La danse, c’est une vraie passion pour Mathieu Casavant. Au fil des années, il a participé à de nombreuses compétitions à l’échelle canadienne avec sa partenaire Mélanie Martin, en plus d’enseigner différents types de danse à tous les niveaux de clientèles. Il possède également des certifications qui lui permettent d’être juge lors de certaines compétitions.

Pourtant, ce n’est qu’à l’âge de 17 ans que le Maskoutain s’est lancé dans la danse.

« J’ai commencé à Sainte-Rosalie, au Studio Harmonie, avec Alain Geoffrion [et Louise Harrison]. C’est avec eux que le plaisir de la danse sociale s’est développé », se remémore-t-il.

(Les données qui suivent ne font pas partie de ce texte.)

lemma convex_dom_conj: "convex (dom_conj f)"
proof (rule convexI)
  fix a b and s t :: real
  assume "a \<in> dom_conj f" "b \<in> dom_conj f" and st: "0 \<le> s" "0 \<le> t" "s + t = 1"
  then obtain Ca Cb where Ca: "\<And>x. ereal (inner a x - Ca) \<le> f x" and Cb: "\<And>x. ereal (inner b x - Cb) \<le> f x"
    unfolding dom_conj_def by blast
  have "ereal (inner (s *\<^sub>R a + t *\<^sub>R b) x - (s * Ca + t * Cb)) \<le> f x" for x
  proof (cases "f x")
    case (real r)
    then have "inner a x - Ca \<le> r" "inner b x - Cb \<le> r" using Ca[of x] Cb[of x] by auto
    then have "s * (inner a x - Ca) + t * (inner b x - Cb) \<le> s * r + t * r"
      using st by (intro add_mono mult_left_mono) auto
    also have "\<dots> = r" using st(3) by (simp flip: distrib_right)
    finally show ?thesis using real by (simp add: inner_add_left algebra_simps)
  next
    case MInf
    then show ?thesis using Ca[of x] by simp
  qed simp
  then show "s *\<^sub>R a + t *\<^sub>R b \<in> dom_conj f" unfolding dom_conj_def by blast
qed

lemma dom_conj_add_bounded:
  assumes b: "b \<in> dom_conj g" and bound: "\<And>z. z \<in> effdom g \<Longrightarrow> inner w z \<le> c"
  shows "b + w \<in> dom_conj g"
proof -
  obtain C where C: "\<And>x. ereal (inner b x - C) \<le> g x" using b unfolding dom_conj_def by blast
  have "ereal (inner (b + w) x - (C + c)) \<le> g x" for x
  proof (cases "x \<in> effdom g")
    case True
    then have "ereal (inner (b + w) x - (C + c)) \<le> ereal (inner b x - C)"
      using bound[OF True] by (simp add: inner_add_left)
    also have "\<dots> \<le> g x" by (rule C)
    finally show ?thesis .
  qed (simp add: effdom_def)
  then show ?thesis unfolding dom_conj_def by blast
qed

lemma closure_image2_eq:
  fixes op :: "'a::topological_space \<Rightarrow> 'b::topological_space \<Rightarrow> 'c::topological_space"
  assumes op: "continuous_on UNIV (\<lambda>p. op (fst p) (snd p))"
    and A: "A \<subseteq> A'" "A' \<subseteq> closure A" and B: "B \<subseteq> B'" "B' \<subseteq> closure B"
  shows "closure {op a b | a b. a \<in> A' \<and> b \<in> B'} = closure {op a b | a b. a \<in> A \<and> b \<in> B}"
proof (rule subset_antisym)
  let ?op = "\<lambda>p. op (fst p) (snd p)"
  have "{op a b | a b. a \<in> A' \<and> b \<in> B'} \<subseteq> ?op ` closure (A \<times> B)"
  proof (rule subsetI, elim CollectE exE conjE)
    fix x a b assume x: "x = op a b" and "a \<in> A'" "b \<in> B'"
    with A B have "(a, b) \<in> closure (A \<times> B)" by (auto simp: closure_Times)
    then show "x \<in> ?op ` closure (A \<times> B)" by (rule rev_image_eqI) (simp add: x)
  qed
  also have "\<dots> \<subseteq> closure (?op ` (A \<times> B))"
    by (rule image_closure_subset[OF continuous_on_subset[OF op] closed_closure closure_subset]) simp
  also have "?op ` (A \<times> B) = {op a b | a b. a \<in> A \<and> b \<in> B}" by force
  finally show "closure {op a b | a b. a \<in> A' \<and> b \<in> B'} \<subseteq> closure {op a b | a b. a \<in> A \<and> b \<in> B}"
    by (rule closure_minimal) simp
  show "closure {op a b | a b. a \<in> A \<and> b \<in> B} \<subseteq> closure {op a b | a b. a \<in> A' \<and> b \<in> B'}"
    using A(1) B(1) by (intro closure_mono) blast
qed

lemma closure_dom_subdiff_diff:
  fixes f g :: "'a::{real_inner,complete_space} \<Rightarrow> ereal"
  assumes f: "Gamma0 f" and g: "Gamma0 g" and "dom_conj f \<noteq> {}" "dom_conj g \<noteq> {}"
  shows "closure {a - b | a b. a \<in> dom_subdiff f \<and> b \<in> dom_subdiff g}
       = closure {a - b | a b. a \<in> effdom f \<and> b \<in> effdom g}"
proof (rule closure_image2_eq[symmetric])
  show "continuous_on UNIV (\<lambda>p::'a \<times> 'a. fst p - snd p)" by (intro continuous_intros)
qed (simp_all add: dom_subdiff_subset_effdom effdom_subset_closure_dom_subdiff assms)

lemma closure_ran_subdiff_sum:
  fixes f g :: "'a::{real_inner,complete_space} \<Rightarrow> ereal"
  assumes f: "Gamma0 f" and g: "Gamma0 g"
  shows "closure {a + b | a b. a \<in> ran_subdiff f \<and> b \<in> ran_subdiff g}
       = closure {a + b | a b. a \<in> dom_conj f \<and> b \<in> dom_conj g}"
proof (rule closure_image2_eq[symmetric])
  show "continuous_on UNIV (\<lambda>p::'a \<times> 'a. fst p + snd p)" by (intro continuous_intros)
qed (simp_all add: ran_subdiff_subset_dom_conj dom_conj_subset_closure_ran_subdiff assms)

lemma convex_closure_effdom_diff:
  assumes "Gamma0 f" and "Gamma0 g"
  shows "convex (closure {a - b | a b. a \<in> effdom f \<and> b \<in> effdom g})"
proof -
  have "{a - b | a b. a \<in> effdom f \<and> b \<in> effdom g} = (\<Union>a\<in>effdom f. \<Union>b\<in>effdom g. {a - b})" by auto
  with convex_differences[OF Gamma0_convex_effdom Gamma0_convex_effdom, OF assms] show ?thesis
    by (simp add: convex_closure)
qed

lemma convex_closure_dom_conj_sum: "convex (closure {a + b | a b. a \<in> dom_conj f \<and> b \<in> dom_conj g})"
proof -
  have "{a + b | a b. a \<in> dom_conj f \<and> b \<in> dom_conj g} = (\<Union>a\<in>dom_conj f. \<Union>b\<in>dom_conj g. {a + b})" by auto
  with convex_sums[OF convex_dom_conj[of f] convex_dom_conj[of g]] show ?thesis
    by (simp add: convex_closure)
qed

lemma translate_mem_closure_dom_conj_sum:
  assumes zero: "0 \<in> closure {a + b | a b. a \<in> dom_conj f \<and> b \<in> dom_conj g}"
    and bound: "\<And>z. z \<in> effdom g \<Longrightarrow> inner w z \<le> c"
  shows "w \<in> closure {a + b | a b. a \<in> dom_conj f \<and> b \<in> dom_conj g}"
proof -
  let ?S = "{a + b | a b. a \<in> dom_conj f \<and> b \<in> dom_conj g}"
  have "(+) w ` ?S \<subseteq> ?S"
  proof (rule image_subsetI, elim CollectE exE conjE)
    fix r a b assume "r = a + b" "a \<in> dom_conj f" "b \<in> dom_conj g"
    moreover have "b + w \<in> dom_conj g" using \<open>b \<in> dom_conj g\<close> bound by (rule dom_conj_add_bounded)
    moreover have "w + r = a + (b + w)" using \<open>r = a + b\<close> by (simp add: algebra_simps)
    ultimately show "w + r \<in> ?S" by blast
  qed
  then have "closure ((+) w ` ?S) \<subseteq> closure ?S" by (rule closure_mono)
  moreover have "w \<in> (+) w ` closure ?S" using zero by (rule rev_image_eqI) simp
  ultimately show ?thesis by (simp add: closure_translation subset_iff)
qed

section \<open>Normality of the projection v\<close>

lemma proj_closure_inter_normal:
  fixes f g :: "'a::{real_inner,complete_space} \<Rightarrow> ereal"
  assumes f: "Gamma0 f" and g: "Gamma0 g"
    and D: "D = {a - b | a b. a \<in> dom_subdiff f \<and> b \<in> dom_subdiff g}"
    and R: "R = {a + b | a b. a \<in> ran_subdiff f \<and> b \<in> ran_subdiff g}"
    and R_ne: "R \<noteq> {}" and R_proj: "proj (closure R) 0 = 0"
    and v: "v = proj (closure D \<inter> closure R) 0"
    and y: "y \<in> effdom f" and z: "z \<in> effdom g"
  shows "0 \<le> inner (y - z - v) v"
proof -
  let ?D = "{a - b | a b. a \<in> effdom f \<and> b \<in> effdom g}"
  let ?R = "{a + b | a b. a \<in> dom_conj f \<and> b \<in> dom_conj g}"
  from R_ne obtain a1 b1 where "a1 \<in> ran_subdiff f" "b1 \<in> ran_subdiff g" unfolding R by blast
  then obtain x0 where x0: "x0 \<in> effdom f" and conj_ne: "dom_conj f \<noteq> {}" "dom_conj g \<noteq> {}"
    using ran_subdiff_subset_dom_conj[OF f] ran_subdiff_subset_dom_conj[OF g] subdiff_in_effdom
    unfolding ran_subdiff_def by blast
  have clD: "closure D = closure ?D" unfolding D by (rule closure_dom_subdiff_diff[OF f g conj_ne])
  have clR: "closure R = closure ?R" unfolding R by (rule closure_ran_subdiff_sum[OF f g])
  have cvD: "convex (closure D)" unfolding clD by (rule convex_closure_effdom_diff[OF f g])
  have cvR: "convex (closure R)" unfolding clR by (rule convex_closure_dom_conj_sum)
  have "closure R \<noteq> {}" using R_ne closure_subset by blast
  from proj_eq_iff[OF closed_closure cvR this, of 0 0] R_proj have "0 \<in> closure R" by blast
  have diff_mem: "y' - z' \<in> closure D" if "y' \<in> effdom f" "z' \<in> effdom g" for y' z'
  proof -
    have "y' - z' \<in> ?D" using that by auto
    then show ?thesis unfolding clD by (rule closure_subset[THEN subsetD])
  qed
  have D_ne: "closure D \<noteq> {}" using diff_mem[OF y z] by auto
  obtain w where w: "w \<in> closure D" and w_normal: "\<And>x. x \<in> closure D \<Longrightarrow> inner (0 - w) (x - w) \<le> 0"
    using proj_eq_iff[OF closed_closure cvD D_ne, of 0 "proj (closure D) 0"] by auto
  have normal: "0 \<le> inner (y' - z' - w) w" if "y' \<in> effdom f" "z' \<in> effdom g" for y' z'
    using w_normal[OF diff_mem[OF that]] by (simp add: inner_commute)
  have "inner w z \<le> inner w x0 - inner w w" if "z \<in> effdom g" for z
    using normal[OF x0 that] by (simp add: inner_diff_left inner_diff_right inner_commute)
  with \<open>0 \<in> closure R\<close> have "w \<in> closure R"
    unfolding clR by (rule translate_mem_closure_dom_conj_sum)
  with w w_normal have "v = w" unfolding v by (intro proj_eqI) auto
  with normal[OF y z] show ?thesis by simp
qed

section \<open>Solutions of the inclusion and minimisers\<close>

definition sum_subdiff_solutions :: "('a::real_inner \<Rightarrow> ereal) \<Rightarrow> ('a \<Rightarrow> ereal) \<Rightarrow> 'a \<Rightarrow> 'a \<Rightarrow> 'a set" where
  "sum_subdiff_solutions f g v c = {x. \<exists>a b. a \<in> subdiff f x \<and> b \<in> subdiff g (x - v) \<and> a + b = c}"

lemma sum_subdiff_solutions_shift:
  assumes normal: "\<And>y z. y \<in> effdom f \<Longrightarrow> z \<in> effdom g \<Longrightarrow> 0 \<le> inner (y - z - v) v"
  shows "sum_subdiff_solutions f g v c = sum_subdiff_solutions f g v (c - v)"
proof (intro set_eqI iffI)
  fix x assume "x \<in> sum_subdiff_solutions f g v c"
  then obtain a b where a: "a \<in> subdiff f x" and b: "b \<in> subdiff g (x - v)" and "a + b = c"
    unfolding sum_subdiff_solutions_def by blast
  have "a + - v \<in> subdiff f x"
  proof (rule subdiff_add_normal[OF a])
    fix y assume "y \<in> effdom f"
    from normal[OF this subdiff_in_effdom[OF b]] show "inner (- v) (y - x) \<le> 0"
      by (simp add: inner_diff_left inner_commute)
  qed
  moreover have "(a + - v) + b = c - v" by (subst \<open>a + b = c\<close>[symmetric]) (simp add: algebra_simps)
  ultimately show "x \<in> sum_subdiff_solutions f g v (c - v)"
    unfolding sum_subdiff_solutions_def using b by blast
next
  fix x assume "x \<in> sum_subdiff_solutions f g v (c - v)"
  then obtain a b where a: "a \<in> subdiff f x" and b: "b \<in> subdiff g (x - v)" and "a + b = c - v"
    unfolding sum_subdiff_solutions_def by blast
  have "b + v \<in> subdiff g (x - v)"
  proof (rule subdiff_add_normal[OF b])
    fix z assume "z \<in> effdom g"
    from normal[OF subdiff_in_effdom[OF a] this] show "inner v (z - (x - v)) \<le> 0"
      by (simp add: inner_diff_left inner_diff_right inner_commute)
  qed
  moreover have "a + (b + v) = c" using \<open>a + b = c - v\<close> by (simp add: algebra_simps eq_diff_eq)
  ultimately show "x \<in> sum_subdiff_solutions f g v c"
    unfolding sum_subdiff_solutions_def using a by blast
qed

lemma Gamma0_tilted_sum_eq:
  fixes \<phi> \<psi> :: "'a::real_normed_vector \<Rightarrow> ereal"
  assumes \<phi>: "Gamma0 \<phi>" and \<psi>: "Gamma0 \<psi>"
  shows "x \<in> effdom \<phi> \<Longrightarrow> x \<in> effdom \<psi> \<Longrightarrow>
           ereal r + \<phi> x + \<psi> x = ereal (r + real_of_ereal (\<phi> x) + real_of_ereal (\<psi> x))"
    and "x \<notin> effdom \<phi> \<or> x \<notin> effdom \<psi> \<Longrightarrow> ereal r + \<phi> x + \<psi> x = \<infinity>"
  using assms unfolding Gamma0_def effdom_def
  by (cases "\<phi> x"; cases "\<psi> x"; auto)+

lemma subdiff_sum_in_argmin_tilted_sum:
  fixes \<phi> \<psi> :: "'a::real_inner \<Rightarrow> ereal"
  assumes \<phi>: "Gamma0 \<phi>" and \<psi>: "Gamma0 \<psi>" and a: "a \<in> subdiff \<phi> x" and b: "b \<in> subdiff \<psi> x"
  shows "x \<in> argmin (\<lambda>x. ereal (- inner x (a + b)) + \<phi> x + \<psi> x)"
  unfolding argmin_def
proof (intro CollectI allI)
  fix y
  have x: "x \<in> effdom \<phi>" "x \<in> effdom \<psi>" using a b by (auto intro: subdiff_in_effdom)
  show "ereal (- inner x (a + b)) + \<phi> x + \<psi> x \<le> ereal (- inner y (a + b)) + \<phi> y + \<psi> y"
  proof (cases "y \<in> effdom \<phi> \<and> y \<in> effdom \<psi>")
    case True
    then have "real_of_ereal (\<phi> x) + inner a (y - x) \<le> real_of_ereal (\<phi> y)"
      and "real_of_ereal (\<psi> x) + inner b (y - x) \<le> real_of_ereal (\<psi> y)"
      using subdiff_real_le[OF \<phi> a] subdiff_real_le[OF \<psi> b] by auto
    moreover have "inner y (a + b) - inner x (a + b) = inner a (y - x) + inner b (y - x)"
      by (simp add: inner_add_right inner_diff_right inner_commute)
    ultimately have "- inner x (a + b) + real_of_ereal (\<phi> x) + real_of_ereal (\<psi> x)
        \<le> - inner y (a + b) + real_of_ereal (\<phi> y) + real_of_ereal (\<psi> y)" by linarith
    with True x show ?thesis by (simp add: Gamma0_tilted_sum_eq(1)[OF \<phi> \<psi>])
  next
    case False
    then have "ereal (- inner y (a + b)) + \<phi> y + \<psi> y = \<infinity>"
      by (intro Gamma0_tilted_sum_eq(2)[OF \<phi> \<psi>]) auto
    then show ?thesis by (simp only: ereal_less_eq(1))
  qed
qed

La vie l’a d’abord mené bien loin des arts puisqu’il est devenu bachelier en traduction, mais l’amour de la danse était trop fort et il a finalement opté pour des études en danse classique, contemporaine et jazz. Au fil du temps, il a même ouvert son propre studio, Quividanse, à Montréal, puis occupé un rôle important au Studio 2720.

Vu la situation pandémique et la suspension de la plupart de ses activités liées à la danse et à l’enseignement, Mathieu Casavant a choisi de sauter à pieds joints dans le réseau de la santé. Après avoir prêté main-forte comme aide de service dans un centre d’hébergement de Montréal au printemps, il a suivi la formation accélérée pour devenir préposé aux bénéficiaires en CHSLD et exerce cette nouvelle vocation au Centre d’hébergement de La Pinière à Laval.

« Je trouve que c’est un métier très gratifiant. On répond à des besoins de base que ces personnes ne pourraient pas faire sans nous. »

Il avoue toutefois avoir hâte de renouer avec la danse. « C’est de mettre une grosse partie de moi sur pause », conclut-il.